Friday, August 7, 2015: 3:00 PM
Maurepas (Sheraton Hotel New Orleans)
Muqing Yan , Texas A&M University, College Station, TX
Qianni Dong , Texas A&M University, College Station, TX
David H. Byrne , Texas A&M University, College Station, TX
Patricia Klein , Texas A&M University, College Station, TX
Black spot disease [Diplocarpon rosae (Lib.) Wolf] of rose is the most important leaf disease of garden roses in warm humid areas. Although the partial (horizontal) resistance to black spot has been shown to be moderately heritable, the responsible quantitative trait loci (QTLs) remain unidentified. Because of the interspecific nature and high heterozygosity in commercial roses the genetic information available on rose is limited. To effectively identify markers associated with the QTL(s) controlling black spot resistance, one needs abundant markers along the genome and careful phenotyping. The objective of this study is to utilize genotyping by sequencing technology to generate abundant single nucleotide polymorphism (SNP) markers for genetic linkage and QTL mapping. Thus far, rose seedlings and parents have been phenotyped for partial black spot resistance in the lab and the field, and an efficient protocol to extract high quality DNA for sequencing from rose leaves has been developed. Four diploid rose populations created from the crosses of black spot resistant breeding lines derived from R. wichuriana 'Basye's Thornless' with susceptible commercial cultivars ('Vineyard Song', 'Red Fairy', and 'Little Chief') were used for SNP detection.
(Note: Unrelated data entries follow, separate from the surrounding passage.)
(* Let $n\in\mathbb{N}$, let $p$ be a prime and let $d,k,m\in\mathbb{N}$. Consider the system of equations \[ F_1(x_1,\ldots,x_m)=\cdots=F_k(x_1,\ldots,x_m)=0, \] where each $F_i$ is a homogeneous polynomial of degree $d$ with coefficients in $\mathbb{Z}/p^n\mathbb{Z}$. For every non-negative integer $h$ (and every $n'$), let $S(n',h)$ denote the set of solutions $(x_1,\ldots,x_m)\in(\mathbb{Z}/p^{n'}\mathbb{Z})^m$ of the system (with coefficients reduced modulo $p^{n'}$) satisfying $\min\{\nu_p(x_1),\ldots,\nu_p(x_m)\}=h$. If $0\le h<n/d$, then \[ |S(n,h)| = p^{(d-1)hm}\,|S(n-dh,0)|. \]
   Context: For a prime $p$ and $n\in\mathbb{N}$, the $p$-adic valuation $\nu_p:\mathbb{Z}/p^n\mathbb{Z}\to\{0,1,\ldots,n\}$ is defined by $\nu_p(y+p^n\mathbb{Z})=\nu_p(y)$ (the largest $j\ge 0$ with $p^j\mid y$) if $p^n\nmid y$, and $\nu_p(y+p^n\mathbb{Z})=n$ if $p^n\mid y$. *)

theory Defs
  imports Complex_Main "HOL-Computational_Algebra.Primes"
begin

definition hmonos :: "nat \<Rightarrow> nat \<Rightarrow> (nat \<Rightarrow> nat) set" where
  "hmonos m d = {e. (\<forall>j\<ge>m. e j = 0) \<and> (\<Sum>j<m. e j) = d}"

(* A homogeneous polynomial of degree d in m variables is given by its coefficient
  function c on exponent vectors (integer representatives of residues); evaluation: *)
definition hpoly_eval :: "nat \<Rightarrow> nat \<Rightarrow> ((nat \<Rightarrow> nat) \<Rightarrow> int) \<Rightarrow> (nat \<Rightarrow> int) \<Rightarrow> int" where
  "hpoly_eval m d c x = (\<Sum>e\<in>hmonos m d. c e * (\<Prod>j<m. x j ^ e j))"

(* p-adic valuation on Z/p^n Z, evaluated on an integer representative. *)
definition padic_val_mod :: "nat \<Rightarrow> nat \<Rightarrow> int \<Rightarrow> nat" where
  "padic_val_mod p n y = (if int p ^ n dvd y then n else multiplicity (int p) y)"

(* S(n',h): solutions in (Z/p^n' Z)^m (represented by x_j in {0..<p^n'}) of the system
  F_1 = ... = F_k = 0 reduced mod p^n', with minimal valuation h. *)
definition sol_set :: "nat \<Rightarrow> nat \<Rightarrow> nat \<Rightarrow> nat \<Rightarrow> (nat \<Rightarrow> (nat \<Rightarrow> nat) \<Rightarrow> int) \<Rightarrow> nat \<Rightarrow> nat
    \<Rightarrow> (nat \<Rightarrow> int) set" where
  "sol_set p m d k F n' h = {x.
     (\<forall>j<m. x j \<in> {0..<int p ^ n'}) \<and> (\<forall>j\<ge>m. x j = 0) \<and>
     (\<forall>i<k. int p ^ n' dvd hpoly_eval m d (F i) x) \<and>
     Min ((\<lambda>j. padic_val_mod p n' (x j)) ` {..<m}) = h}"

end

theory Submission
  imports Defs "HOL-Number_Theory.Cong" "HOL-Library.FuncSet"
begin

text \<open>If x has minimal valuation h, then x = p^h z with z primitive, and by homogeneity
  p^n divides F(x) = p^(dh) F(z) iff p^(n-dh) divides F(z). Both this condition and primitivity of z
  only depend on z modulo p^(n-dh), whereas z itself is determined modulo p^(n-h); so every primitive
  solution modulo p^(n-dh) has exactly p^((d-1)h) lifts in each of the m coordinates.\<close>

definition residue_vecs :: "nat \<Rightarrow> int \<Rightarrow> (nat \<Rightarrow> int) set" where
  "residue_vecs m M = {x. (\<forall>j<m. x j \<in> {0..<M}) \<and> (\<forall>j\<ge>m. x j = 0)}"

lemma mem_sol_set_iff:
  "x \<in> sol_set p m d k F n h \<longleftrightarrow> x \<in> residue_vecs m (int p ^ n) \<and>
    (\<forall>i<k. int p ^ n dvd hpoly_eval m d (F i) x) \<and> Min ((\<lambda>j. padic_val_mod p n (x j)) ` {..<m}) = h"
  by (auto simp: sol_set_def residue_vecs_def)

lemma card_residue_vecs_mult:
  fixes M :: int and Q :: nat
  assumes "M > 0"
    and periodic: "\<And>x y. (\<And>j. j < m \<Longrightarrow> [x j = y j] (mod M)) \<Longrightarrow> P x \<longleftrightarrow> P y"
  shows "card {x \<in> residue_vecs m (M * int Q). P x} = Q ^ m * card {y \<in> residue_vecs m M. P y}"
proof -
  define T where "T = PiE {..<m} (\<lambda>_. {0..<int Q})"
  define lift where "lift = (\<lambda>(y, t) j. if j < m then y j + M * t j else (0::int))"
  define split where "split = (\<lambda>x. (\<lambda>j. x j mod M, restrict (\<lambda>j. x j div M) {..<m}))"
  have digit_bound: "y + M * t < M * int Q" if "y < M" "t < int Q" for y t
  proof -
    have "y + M * t < M * (t + 1)" using that by (simp add: algebra_simps)
    also have "\<dots> \<le> M * int Q" using that assms(1) by (intro mult_left_mono) auto
    finally show ?thesis .
  qed
  have quotient_range: "0 \<le> x div M \<and> x div M < int Q" if "0 \<le> x" "x < M * int Q" for x
  proof -
    have "M * (x div M) < M * int Q"
      using that mult_div_mod_eq[of M x] pos_mod_sign[OF assms(1), of x] by linarith
    then show ?thesis
      using that assms(1) by (simp add: pos_imp_zdiv_nonneg_iff)
  qed
  have "bij_betw lift ({y \<in> residue_vecs m M. P y} \<times> T) {x \<in> residue_vecs m (M * int Q). P x}"
  proof (rule bij_betw_byWitness[where f' = split])
    show "\<forall>a\<in>{y \<in> residue_vecs m M. P y} \<times> T. split (lift a) = a"
      using assms(1) by (auto simp: residue_vecs_def T_def lift_def split_def PiE_def extensional_def fun_eq_iff)
    show "\<forall>x\<in>{x \<in> residue_vecs m (M * int Q). P x}. lift (split x) = x"
      by (auto simp: residue_vecs_def lift_def split_def fun_eq_iff)
    show "lift ` ({y \<in> residue_vecs m M. P y} \<times> T) \<subseteq> {x \<in> residue_vecs m (M * int Q). P x}"
    proof (rule image_subsetI)
      fix a assume "a \<in> {y \<in> residue_vecs m M. P y} \<times> T"
      then obtain y t where a: "a = (y, t)" and y: "y \<in> residue_vecs m M" "P y" and t: "t \<in> T"
        by blast
      have "P (lift (y, t))"
        using y(2) by (subst periodic[of _ y]) (auto simp: lift_def cong_def)
      then show "lift a \<in> {x \<in> residue_vecs m (M * int Q). P x}"
        using a y t by (auto simp: residue_vecs_def lift_def T_def PiE_iff intro!: digit_bound)
    qed
    show "split ` {x \<in> residue_vecs m (M * int Q). P x} \<subseteq> {y \<in> residue_vecs m M. P y} \<times> T"
    proof (rule image_subsetI)
      fix x assume "x \<in> {x \<in> residue_vecs m (M * int Q). P x}"
      then have x: "x \<in> residue_vecs m (M * int Q)" "P x" by simp_all
      have "P (\<lambda>j. x j mod M)"
        using x(2) by (subst periodic[of _ x]) (auto simp: cong_def)
      then show "split x \<in> {y \<in> residue_vecs m M. P y} \<times> T"
        using x(1) assms(1) quotient_range by (auto simp: residue_vecs_def split_def T_def)
    qed
  qed
  then have "card {x \<in> residue_vecs m (M * int Q). P x} = card ({y \<in> residue_vecs m M. P y} \<times> T)"
    by (simp add: bij_betw_same_card)
  also have "\<dots> = card {y \<in> residue_vecs m M. P y} * Q ^ m"
    by (simp add: card_cartesian_product T_def card_PiE)
  finally show ?thesis by simp
qed

lemma hpoly_eval_scale:
  "hpoly_eval m d c (\<lambda>j. a * x j) = a ^ d * hpoly_eval m d c x"
proof -
  have "(\<Prod>j<m. (a * x j) ^ e j) = a ^ d * (\<Prod>j<m. x j ^ e j)" if "e \<in> hmonos m d" for e
  proof -
    have "(\<Prod>j<m. (a * x j) ^ e j) = (\<Prod>j<m. a ^ e j) * (\<Prod>j<m. x j ^ e j)"
      by (simp add: power_mult_distrib prod.distrib)
    also have "(\<Prod>j<m. a ^ e j) = a ^ d"
      using that by (simp add: hmonos_def flip: power_sum)
    finally show ?thesis .
  qed
  then show ?thesis
    unfolding hpoly_eval_def sum_distrib_left by (intro sum.cong) (simp_all add: algebra_simps)
qed

lemma hpoly_eval_cong:
  assumes "\<And>j. j < m \<Longrightarrow> [x j = y j] (mod M)"
  shows "[hpoly_eval m d c x = hpoly_eval m d c y] (mod M)"
  unfolding hpoly_eval_def
  by (intro cong_sum cong_mult cong_refl cong_prod cong_pow assms) auto

lemma padic_val_mod_ge_iff:
  assumes "prime p" "0 \<le> y" "y < int p ^ n" "h \<le> n"
  shows "h \<le> padic_val_mod p n y \<longleftrightarrow> int p ^ h dvd y"
proof (cases "y = 0")
  case True
  then show ?thesis using assms(4) by (simp add: padic_val_mod_def)
next
  case False
  then have "\<not> int p ^ n dvd y"
    using assms(2,3) zdvd_imp_le by fastforce
  moreover have "\<not> is_unit (int p)"
    using assms(1) prime_int_iff by auto
  ultimately show ?thesis
    using False by (simp add: padic_val_mod_def power_dvd_iff_le_multiplicity)
qed

lemma Min_padic_val_mod_eq_iff:
  assumes "prime p" "m \<ge> 1" "h < n" "x \<in> residue_vecs m (int p ^ n)"
  shows "Min ((\<lambda>j. padic_val_mod p n (x j)) ` {..<m}) = h \<longleftrightarrow>
    (\<forall>j<m. int p ^ h dvd x j) \<and> (\<exists>j<m. \<not> int p ^ Suc h dvd x j)"
proof -
  let ?v = "\<lambda>j. padic_val_mod p n (x j)"
  have "?v ` {..<m} \<noteq> {}" using assms(2) by (simp add: lessThan_empty_iff)
  then have "Min (?v ` {..<m}) = h \<longleftrightarrow> (\<forall>j<m. h \<le> ?v j) \<and> (\<exists>j<m. \<not> Suc h \<le> ?v j)"
    by (auto simp: Min_eq_iff not_less_eq_eq intro: le_antisym)
  moreover have "l \<le> ?v j \<longleftrightarrow> int p ^ l dvd x j" if "j < m" "l \<le> n" for j l
    using assms(1,4) that by (intro padic_val_mod_ge_iff) (auto simp: residue_vecs_def)
  then have "\<forall>j<m. h \<le> ?v j \<longleftrightarrow> int p ^ h dvd x j" "\<forall>j<m. Suc h \<le> ?v j \<longleftrightarrow> int p ^ Suc h dvd x j"
    using assms(3) by simp_all
  ultimately show ?thesis
    by auto
qed

definition primitive_solution ::
    "nat \<Rightarrow> nat \<Rightarrow> nat \<Rightarrow> nat \<Rightarrow> (nat \<Rightarrow> (nat \<Rightarrow> nat) \<Rightarrow> int) \<Rightarrow> nat \<Rightarrow> (nat \<Rightarrow> int) \<Rightarrow> bool" where
  "primitive_solution p m d k F N z \<longleftrightarrow>
     (\<forall>i<k. int p ^ N dvd hpoly_eval m d (F i) z) \<and> (\<exists>j<m. \<not> int p dvd z j)"

lemma primitive_solution_cong:
  assumes "N \<ge> 1" and "\<And>j. j < m \<Longrightarrow> [x j = y j] (mod int p ^ N)"
  shows "primitive_solution p m d k F N x \<longleftrightarrow> primitive_solution p m d k F N y"
proof -
  have "int p dvd int p ^ N" using assms(1) by (simp add: dvd_power)
  then have "int p dvd x j \<longleftrightarrow> int p dvd y j" if "j < m" for j
    using assms(2)[OF that] cong_dvd_iff cong_dvd_modulus by blast
  moreover have "int p ^ N dvd hpoly_eval m d c x \<longleftrightarrow> int p ^ N dvd hpoly_eval m d c y" for c
    by (rule cong_dvd_iff, rule hpoly_eval_cong, rule assms(2))
  ultimately show ?thesis
    unfolding primitive_solution_def by auto
qed

lemma scaled_mem_sol_set_iff:
  assumes "prime p" "m \<ge> 1" "h < n" "d * h \<le> n"
  shows "(\<lambda>j. int p ^ h * z j) \<in> sol_set p m d k F n h \<longleftrightarrow>
    z \<in> residue_vecs m (int p ^ (n - h)) \<and> primitive_solution p m d k F (n - d * h) z"
proof -
  define x where "x = (\<lambda>j. int p ^ h * z j)"
  have p_pos: "int p > 0" using assms(1) prime_gt_0_nat by auto
  then have p_pow_pos: "int p ^ h > 0" by simp
  have scale: "0 \<le> q * a \<longleftrightarrow> 0 \<le> a" "q * a < q * b \<longleftrightarrow> a < b" "q * a = 0 \<longleftrightarrow> a = 0"
    if "q > 0" for q a b :: int
    using that by (simp_all add: zero_le_mult_iff)
  have "int p ^ n = int p ^ h * int p ^ (n - h)"
    using assms(3) by (simp flip: power_add)
  then have range: "x \<in> residue_vecs m (int p ^ n) \<longleftrightarrow> z \<in> residue_vecs m (int p ^ (n - h))"
    by (simp only: x_def residue_vecs_def mem_Collect_eq atLeastLessThan_iff scale[OF p_pow_pos])
  have "int p ^ n = int p ^ (d * h) * int p ^ (n - d * h)"
    using assms(4) by (simp flip: power_add)
  moreover have "hpoly_eval m d c x = int p ^ (d * h) * hpoly_eval m d c z" for c
    unfolding x_def hpoly_eval_scale by (simp add: mult.commute flip: power_mult)
  ultimately have equations: "int p ^ n dvd hpoly_eval m d c x \<longleftrightarrow>
      int p ^ (n - d * h) dvd hpoly_eval m d c z" for c
    using p_pos by simp
  have valuation: "Min ((\<lambda>j. padic_val_mod p n (x j)) ` {..<m}) = h \<longleftrightarrow> (\<exists>j<m. \<not> int p dvd z j)"
    if "x \<in> residue_vecs m (int p ^ n)"
    using Min_padic_val_mod_eq_iff[OF assms(1-3) that] p_pos by (simp add: x_def)
  show ?thesis
    unfolding x_def[symmetric] mem_sol_set_iff primitive_solution_def
    using range equations valuation by blast
qed

lemma bij_betw_scale_sol_set:
  assumes "prime p" "m \<ge> 1" "h < n" "d * h \<le> n"
  shows "bij_betw (\<lambda>z j. int p ^ h * z j)
    {z \<in> residue_vecs m (int p ^ (n - h)). primitive_solution p m d k F (n - d * h) z}
    (sol_set p m d k F n h)"
proof -
  let ?scale = "\<lambda>z j. int p ^ h * z j"
  have "int p > 0" using assms(1) prime_gt_0_nat by auto
  then have "inj ?scale"
    by (auto simp: inj_on_def fun_eq_iff)
  have "x \<in> ?scale ` {z. ?scale z \<in> sol_set p m d k F n h}"
    if x: "x \<in> sol_set p m d k F n h" for x
  proof -
    have "int p ^ h dvd x j" for j
      using x Min_padic_val_mod_eq_iff[OF assms(1-3)]
      by (cases "j < m") (auto simp: mem_sol_set_iff residue_vecs_def)
    then have "x = ?scale (\<lambda>j. x j div int p ^ h)"
      by simp
    then show ?thesis
      using x by (intro image_eqI) auto
  qed
  then have onto: "?scale ` {z. ?scale z \<in> sol_set p m d k F n h} = sol_set p m d k F n h"
    by auto
  have "{z \<in> residue_vecs m (int p ^ (n - h)). primitive_solution p m d k F (n - d * h) z} =
      {z. ?scale z \<in> sol_set p m d k F n h}"
    using scaled_mem_sol_set_iff[OF assms] by auto
  then show ?thesis
    unfolding bij_betw_def using inj_on_subset[OF \<open>inj ?scale\<close> subset_UNIV] onto by blast
qed

theorem lemma5p1:
  fixes n p d k m h :: nat and F :: "nat \<Rightarrow> (nat \<Rightarrow> nat) \<Rightarrow> int"
  assumes "prime p" and "m \<ge> 1" and "real h < real n / real d"
  shows "card (sol_set p m d k F n h) = p ^ ((d - 1) * h * m) * card (sol_set p m d k F (n - d * h) 0)"
proof -
  have "d \<noteq> 0" \<comment> \<open>for d = 0 the hypothesis reads h < 0, as n / 0 = 0\<close>
    using assms(3) by (cases "d = 0") auto
  then have "d * h < n"
    using assms(3) by (simp add: pos_less_divide_eq mult.commute flip: of_nat_mult)
  define N where "N = n - d * h"
  define Q where "Q = p ^ ((d - 1) * h)"
  have "h \<le> d * h" and "(d - 1) * h = d * h - h"
    using \<open>d \<noteq> 0\<close> by (simp_all add: diff_mult_distrib)
  then have "N \<ge> 1" and "h < n" and "n - h = N + (d - 1) * h"
    using \<open>d * h < n\<close> unfolding N_def by linarith+
  let ?prim = "primitive_solution p m d k F N"
  have "card (sol_set p m d k F n h) = card {z \<in> residue_vecs m (int p ^ (n - h)). ?prim z}"
    using bij_betw_same_card[OF bij_betw_scale_sol_set[OF assms(1,2) \<open>h < n\<close>]] \<open>d * h < n\<close>
    by (simp add: N_def)
  also have "\<dots> = card {z \<in> residue_vecs m (int p ^ N * int Q). ?prim z}"
    by (simp add: \<open>n - h = N + (d - 1) * h\<close> Q_def power_add)
  also have "\<dots> = Q ^ m * card {z \<in> residue_vecs m (int p ^ N). ?prim z}"
    using assms(1) \<open>N \<ge> 1\<close> by (intro card_residue_vecs_mult primitive_solution_cong) (simp_all add: prime_gt_0_nat)
  also have "card {z \<in> residue_vecs m (int p ^ N). ?prim z} = card (sol_set p m d k F N 0)"
    using bij_betw_same_card[OF bij_betw_scale_sol_set[OF assms(1,2), of 0 N d k F]] \<open>N \<ge> 1\<close> by simp
  finally show ?thesis
    by (simp add: N_def Q_def power_mult)
qed

end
Their genomic DNA was digested using methylation sensitive enzymes and the resulting fragments were sequenced using the Illumina Hiseq 2500 platform. Based on preliminary data, about 89% to 91% of the sequencing reads were aligned to the rose contigs and around 50% of the reads were mapped to the strawberry genome, respectively. This SNP data along with SSR (simple sequence repeat) data will be further utilized to create a diploid consensus map and identify markers associated with the partial black spot resistance trait.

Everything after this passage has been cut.